PROBLEM
From the first line to the last, print the data exactly as written.

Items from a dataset
(* Let $S,I:\mathbb{R}\to\mathbb{R}$ be $2\pi$-periodic Lipschitz functions and suppose there are $\alpha_0\in(0,\pi)$, $p,q\ge1$, $c_1,c_2>0$, $c_3\in(0,1]$ with \[ S(\theta)\le-c_1(\pi-\theta)^p\ \ (\theta\in[\alpha_0,\pi]),\qquad S(\theta)\ge c_1(\theta+\pi)^p\ \ (\theta\in[-\pi,-\alpha_0]), \] \[ 0\le I(\theta)\le c_2(\pi-|\theta|)^q\ \ (\theta\in[-\pi,\pi]),\qquad \min_{|\phi|\le\max\{|\theta|,\alpha_0\}}I(\phi)\ge c_3I(\theta)\ \ (\theta\in[-\pi,\pi]). \] Let $(\theta_i(t))$ solve \[ \dot\theta_i=\omega_i+\frac{\kappa}{N}\sum_{j=1}^NI(\theta_j)S(\theta_i),\qquad\theta_i(0)=\theta_i^0,\quad i=1,\dots,N, \] let $R(t)=\frac1N\sum_jI(\theta_j(t))$, $R_0=R(0)$, $\|\Omega\|_\infty=\max_i|\omega_i|$. Suppose $R_0>0$ and \[ \kappa>\max\left\{\frac{2(2c_2)^{p/q}}{c_1c_3}\cdot\frac{\|\Omega\|_\infty}{R_0^{1+p/q}},\ \frac{2}{c_1c_3(\pi-\alpha_0)^p}\cdot\frac{\|\Omega\|_\infty}{R_0}\right\}. \] Then (a) $R(t)>\frac{c_3R_0}{2}$ for all $t\ge0$, and (b) $\sup_{t\ge0}\theta_i(t)-\inf_{t\ge0}\theta_i(t)<2\pi$ for all $i=1,\dots,N$.
   Context: This is the general Winfree model with influence function $I$ and sensitivity function $S$; $R$ is the average influence. *)

theory Defs
  imports "HOL-Analysis.Analysis"
begin

end

theory Submission
  imports Defs
begin

text \<open>
  Fix \<open>\<beta>\<close> slightly below \<open>\<pi>\<close>. As long as \<open>R > c3 R0 / 2\<close>, the coupling term
  \<open>\<kappa> R S\<close> dominates the natural frequencies on the bands \<open>\<alpha>0 \<le> \<bar>\<theta> - 2\<pi>k\<bar> \<le> \<beta>\<close> and points
  towards \<open>2\<pi>k\<close> there, so these bands are barriers. An oscillator starting within \<open>\<beta>\<close> of
  some \<open>2\<pi>k\<close> then stays in the window \<open>\<bar>\<theta> - 2\<pi>k\<bar> \<le> max \<bar>\<theta>(0) - 2\<pi>k\<bar> \<alpha>0\<close>, where
  \<open>I \<ge> c3 I(\<theta>(0))\<close>, while every other oscillator has initial influence at most
  \<open>c2 (\<pi> - \<beta>)^q\<close>. Hence \<open>R \<ge> c3 (R0 - c2 (\<pi> - \<beta>)^q)\<close> up to the first time \<open>R\<close> could
  reach \<open>c3 R0 / 2\<close>; the lower bound on \<open>\<kappa>\<close> is what allows \<open>\<beta>\<close> to make this exceed
  \<open>c3 R0 / 2\<close> while keeping the barriers, so by continuity \<open>R\<close> never gets that low.
  With the barriers in force for all time, every phase is confined to an interval
  of length less than \<open>2\<pi>\<close>.
\<close>

lemma stays_below_barrier:
  fixes \<phi> v :: "real \<Rightarrow> real"
  assumes "ta \<le> s" and "{ta..s} \<subseteq> D"
    and der: "\<And>t. t \<in> {ta..s} \<Longrightarrow> (\<phi> has_real_derivative v t) (at t within D)"
    and "\<phi> ta \<le> b"
    and cross: "\<And>t. t \<in> {ta..<s} \<Longrightarrow> \<phi> t = b \<Longrightarrow> v t < 0"
  shows "\<phi> s \<le> b"
proof (rule ccontr)
  assume "\<not> \<phi> s \<le> b"
  then have "b < \<phi> s" by simp
  have cont: "continuous_on {ta..s} \<phi>"
    unfolding continuous_on_eq_continuous_within
    using DERIV_continuous[OF der] continuous_within_subset assms(2) by blast
  \<comment> \<open>\<open>u\<close> is the last time with \<open>\<phi> \<le> b\<close>; there \<open>\<phi> = b\<close>, and \<open>v u < 0\<close> pushes \<open>\<phi>\<close> below \<open>b\<close> right after \<open>u\<close>.\<close>
  define A where "A = {ta..s} \<inter> \<phi> -` {..b}"
  define u where "u = Sup A"
  have "closed A" unfolding A_def by (rule continuous_closed_preimage[OF cont]) auto
  moreover have "ta \<in> A" using assms by (auto simp: A_def)
  moreover have bdd: "bdd_above A" unfolding A_def by (auto intro: bdd_above_Int1)
  ultimately have "u \<in> A" unfolding u_def using closed_contains_Sup by blast
  then have u: "ta \<le> u" "u \<le> s" "\<phi> u \<le> b" by (auto simp: A_def)
  have above: "b < \<phi> t" if "u < t" "t \<le> s" for t
  proof (rule ccontr)
    assume "\<not> b < \<phi> t"
    then have "t \<in> A" using that u by (auto simp: A_def)
    then have "t \<le> u" unfolding u_def using bdd by (rule cSup_upper)
    with that show False by simp
  qed
  have "u < s" using u \<open>b < \<phi> s\<close> by (cases "u = s") auto
  obtain c where c: "u \<le> c" "c \<le> s" "\<phi> c = b"
    using IVT'[of \<phi> u b s] u \<open>b < \<phi> s\<close> continuous_on_subset[OF cont] by force
  then have "\<phi> u = b" using above[of c] by force
  then have "v u < 0" using cross u \<open>u < s\<close> by auto
  then obtain d where "d > 0" and dec: "\<And>h. 0 < h \<Longrightarrow> u + h \<in> D \<Longrightarrow> h < d \<Longrightarrow> \<phi> (u + h) < \<phi> u"
    using has_real_derivative_neg_dec_right[OF der] u by (metis atLeastAtMost_iff)
  define h where "h = min d (s - u) / 2"
  have "0 < h" "h < d" "u + h \<le> s" using \<open>d > 0\<close> \<open>u < s\<close> by (auto simp: h_def min_def field_simps)
  moreover have "u + h \<in> D" using assms(2) u \<open>0 < h\<close> \<open>u + h \<le> s\<close> by auto
  ultimately have "\<phi> (u + h) < b" using dec \<open>\<phi> u = b\<close> by metis
  then show False using above[of "u + h"] \<open>0 < h\<close> \<open>u + h \<le> s\<close> by simp
qed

FINAL ANSWER
(* Let $S,I:\mathbb{R}\to\mathbb{R}$ be $2\pi$-periodic Lipschitz functions and suppose there are $\alpha_0\in(0,\pi)$, $p,q\ge1$, $c_1,c_2>0$, $c_3\in(0,1]$ with \[ S(\theta)\le-c_1(\pi-\theta)^p\ \ (\theta\in[\alpha_0,\pi]),\qquad S(\theta)\ge c_1(\theta+\pi)^p\ \ (\theta\in[-\pi,-\alpha_0]), \] \[ 0\le I(\theta)\le c_2(\pi-|\theta|)^q\ \ (\theta\in[-\pi,\pi]),\qquad \min_{|\phi|\le\max\{|\theta|,\alpha_0\}}I(\phi)\ge c_3I(\theta)\ \ (\theta\in[-\pi,\pi]). \] Let $(\theta_i(t))$ solve \[ \dot\theta_i=\omega_i+\frac{\kappa}{N}\sum_{j=1}^NI(\theta_j)S(\theta_i),\qquad\theta_i(0)=\theta_i^0,\quad i=1,\dots,N, \] let $R(t)=\frac1N\sum_jI(\theta_j(t))$, $R_0=R(0)$, $\|\Omega\|_\infty=\max_i|\omega_i|$. Suppose $R_0>0$ and \[ \kappa>\max\left\{\frac{2(2c_2)^{p/q}}{c_1c_3}\cdot\frac{\|\Omega\|_\infty}{R_0^{1+p/q}},\ \frac{2}{c_1c_3(\pi-\alpha_0)^p}\cdot\frac{\|\Omega\|_\infty}{R_0}\right\}. \] Then (a) $R(t)>\frac{c_3R_0}{2}$ for all $t\ge0$, and (b) $\sup_{t\ge0}\theta_i(t)-\inf_{t\ge0}\theta_i(t)<2\pi$ for all $i=1,\dots,N$.
   Context: This is the general Winfree model with influence function $I$ and sensitivity function $S$; $R$ is the average influence. *)

theory Defs
  imports "HOL-Analysis.Analysis"
begin

end

theory Submission
  imports Defs
begin

text \<open>
  Fix \<open>\<beta>\<close> slightly below \<open>\<pi>\<close>. As long as \<open>R > c3 R0 / 2\<close>, the coupling term
  \<open>\<kappa> R S\<close> dominates the natural frequencies on the bands \<open>\<alpha>0 \<le> \<bar>\<theta> - 2\<pi>k\<bar> \<le> \<beta>\<close> and points
  towards \<open>2\<pi>k\<close> there, so these bands are barriers. An oscillator starting within \<open>\<beta>\<close> of
  some \<open>2\<pi>k\<close> then stays in the window \<open>\<bar>\<theta> - 2\<pi>k\<bar> \<le> max \<bar>\<theta>(0) - 2\<pi>k\<bar> \<alpha>0\<close>, where
  \<open>I \<ge> c3 I(\<theta>(0))\<close>, while every other oscillator has initial influence at most
  \<open>c2 (\<pi> - \<beta>)^q\<close>. Hence \<open>R \<ge> c3 (R0 - c2 (\<pi> - \<beta>)^q)\<close> up to the first time \<open>R\<close> could
  reach \<open>c3 R0 / 2\<close>; the lower bound on \<open>\<kappa>\<close> is what allows \<open>\<beta>\<close> to make this exceed
  \<open>c3 R0 / 2\<close> while keeping the barriers, so by continuity \<open>R\<close> never gets that low.
  With the barriers in force for all time, every phase is confined to an interval
  of length less than \<open>2\<pi>\<close>.
\<close>

lemma stays_below_barrier:
  fixes \<phi> v :: "real \<Rightarrow> real"
  assumes "ta \<le> s" and "{ta..s} \<subseteq> D"
    and der: "\<And>t. t \<in> {ta..s} \<Longrightarrow> (\<phi> has_real_derivative v t) (at t within D)"
    and "\<phi> ta \<le> b"
    and cross: "\<And>t. t \<in> {ta..<s} \<Longrightarrow> \<phi> t = b \<Longrightarrow> v t < 0"
  shows "\<phi> s \<le> b"
proof (rule ccontr)
  assume "\<not> \<phi> s \<le> b"
  then have "b < \<phi> s" by simp
  have cont: "continuous_on {ta..s} \<phi>"
    unfolding continuous_on_eq_continuous_within
    using DERIV_continuous[OF der] continuous_within_subset assms(2) by blast
  \<comment> \<open>\<open>u\<close> is the last time with \<open>\<phi> \<le> b\<close>; there \<open>\<phi> = b\<close>, and \<open>v u < 0\<close> pushes \<open>\<phi>\<close> below \<open>b\<close> right after \<open>u\<close>.\<close>
  define A where "A = {ta..s} \<inter> \<phi> -` {..b}"
  define u where "u = Sup A"
  have "closed A" unfolding A_def by (rule continuous_closed_preimage[OF cont]) auto
  moreover have "ta \<in> A" using assms by (auto simp: A_def)
  moreover have bdd: "bdd_above A" unfolding A_def by (auto intro: bdd_above_Int1)
  ultimately have "u \<in> A" unfolding u_def using closed_contains_Sup by blast
  then have u: "ta \<le> u" "u \<le> s" "\<phi> u \<le> b" by (auto simp: A_def)
  have above: "b < \<phi> t" if "u < t" "t \<le> s" for t
  proof (rule ccontr)
    assume "\<not> b < \<phi> t"
    then have "t \<in> A" using that u by (auto simp: A_def)
    then have "t \<le> u" unfolding u_def using bdd by (rule cSup_upper)
    with that show False by simp
  qed
  have "u < s" using u \<open>b < \<phi> s\<close> by (cases "u = s") auto
  obtain c where c: "u \<le> c" "c \<le> s" "\<phi> c = b"
    using IVT'[of \<phi> u b s] u \<open>b < \<phi> s\<close> continuous_on_subset[OF cont] by force
  then have "\<phi> u = b" using above[of c] by force
  then have "v u < 0" using cross u \<open>u < s\<close> by auto
  then obtain d where "d > 0" and dec: "\<And>h. 0 < h \<Longrightarrow> u + h \<in> D \<Longrightarrow> h < d \<Longrightarrow> \<phi> (u + h) < \<phi> u"
    using has_real_derivative_neg_dec_right[OF der] u by (metis atLeastAtMost_iff)
  define h where "h = min d (s - u) / 2"
  have "0 < h" "h < d" "u + h \<le> s" using \<open>d > 0\<close> \<open>u < s\<close> by (auto simp: h_def min_def field_simps)
  moreover have "u + h \<in> D" using assms(2) u \<open>0 < h\<close> \<open>u + h \<le> s\<close> by auto
  ultimately have "\<phi> (u + h) < b" using dec \<open>\<phi> u = b\<close> by metis
  then show False using above[of "u + h"] \<open>0 < h\<close> \<open>u + h \<le> s\<close> by simp
qed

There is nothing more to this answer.